EXERCISE: When the string "lemma" is part of a line in the data below, report the whole line.
BEGIN MATERIAL TO PROCESS
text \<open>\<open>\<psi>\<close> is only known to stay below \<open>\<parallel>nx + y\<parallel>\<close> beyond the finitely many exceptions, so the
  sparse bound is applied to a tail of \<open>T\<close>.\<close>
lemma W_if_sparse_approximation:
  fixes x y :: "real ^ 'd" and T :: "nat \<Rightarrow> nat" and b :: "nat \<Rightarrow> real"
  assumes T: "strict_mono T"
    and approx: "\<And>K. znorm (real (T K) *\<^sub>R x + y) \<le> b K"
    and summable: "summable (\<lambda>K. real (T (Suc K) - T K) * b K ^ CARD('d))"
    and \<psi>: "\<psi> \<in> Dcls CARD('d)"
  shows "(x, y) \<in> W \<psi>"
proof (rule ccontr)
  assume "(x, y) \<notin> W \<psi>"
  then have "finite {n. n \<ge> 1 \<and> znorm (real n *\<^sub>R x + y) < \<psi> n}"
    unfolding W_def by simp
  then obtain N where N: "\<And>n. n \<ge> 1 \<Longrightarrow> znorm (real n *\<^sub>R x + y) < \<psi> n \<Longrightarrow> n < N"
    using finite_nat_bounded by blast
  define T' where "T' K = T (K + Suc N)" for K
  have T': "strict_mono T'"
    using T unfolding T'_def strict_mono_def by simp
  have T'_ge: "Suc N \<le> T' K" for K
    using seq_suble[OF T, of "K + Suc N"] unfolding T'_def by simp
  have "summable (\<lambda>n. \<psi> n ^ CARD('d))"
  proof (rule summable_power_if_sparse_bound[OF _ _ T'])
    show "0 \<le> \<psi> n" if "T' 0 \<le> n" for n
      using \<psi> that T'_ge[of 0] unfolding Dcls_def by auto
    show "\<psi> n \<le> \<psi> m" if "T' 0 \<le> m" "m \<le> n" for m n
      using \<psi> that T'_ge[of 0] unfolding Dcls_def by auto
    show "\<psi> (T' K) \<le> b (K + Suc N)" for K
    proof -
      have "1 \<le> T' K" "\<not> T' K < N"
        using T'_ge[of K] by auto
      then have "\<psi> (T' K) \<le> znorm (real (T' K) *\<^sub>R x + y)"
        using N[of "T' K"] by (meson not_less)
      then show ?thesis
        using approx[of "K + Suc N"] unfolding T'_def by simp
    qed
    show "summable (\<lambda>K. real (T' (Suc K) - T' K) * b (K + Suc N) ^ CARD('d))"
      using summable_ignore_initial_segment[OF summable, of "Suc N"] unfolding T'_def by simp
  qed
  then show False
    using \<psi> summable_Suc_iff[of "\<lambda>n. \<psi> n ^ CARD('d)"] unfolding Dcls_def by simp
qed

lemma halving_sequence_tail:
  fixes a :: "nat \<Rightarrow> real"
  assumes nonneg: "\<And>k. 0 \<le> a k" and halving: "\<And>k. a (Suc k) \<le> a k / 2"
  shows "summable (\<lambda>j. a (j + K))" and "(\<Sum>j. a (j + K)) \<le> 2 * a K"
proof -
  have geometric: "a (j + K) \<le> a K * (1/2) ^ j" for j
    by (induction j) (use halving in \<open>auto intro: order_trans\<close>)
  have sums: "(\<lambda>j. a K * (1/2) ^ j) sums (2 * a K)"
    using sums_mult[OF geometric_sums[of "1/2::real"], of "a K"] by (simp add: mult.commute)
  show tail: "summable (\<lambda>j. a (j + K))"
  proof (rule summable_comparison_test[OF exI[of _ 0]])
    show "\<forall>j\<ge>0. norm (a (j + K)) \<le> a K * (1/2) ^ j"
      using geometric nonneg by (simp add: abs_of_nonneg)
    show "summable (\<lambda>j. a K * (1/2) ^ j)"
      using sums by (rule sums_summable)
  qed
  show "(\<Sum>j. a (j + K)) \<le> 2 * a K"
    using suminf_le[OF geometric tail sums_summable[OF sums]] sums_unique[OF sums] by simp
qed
END MATERIAL TO PROCESS
OUTPUT FOR THIS EXERCISE:
lemma W_if_sparse_approximation:
lemma halving_sequence_tail:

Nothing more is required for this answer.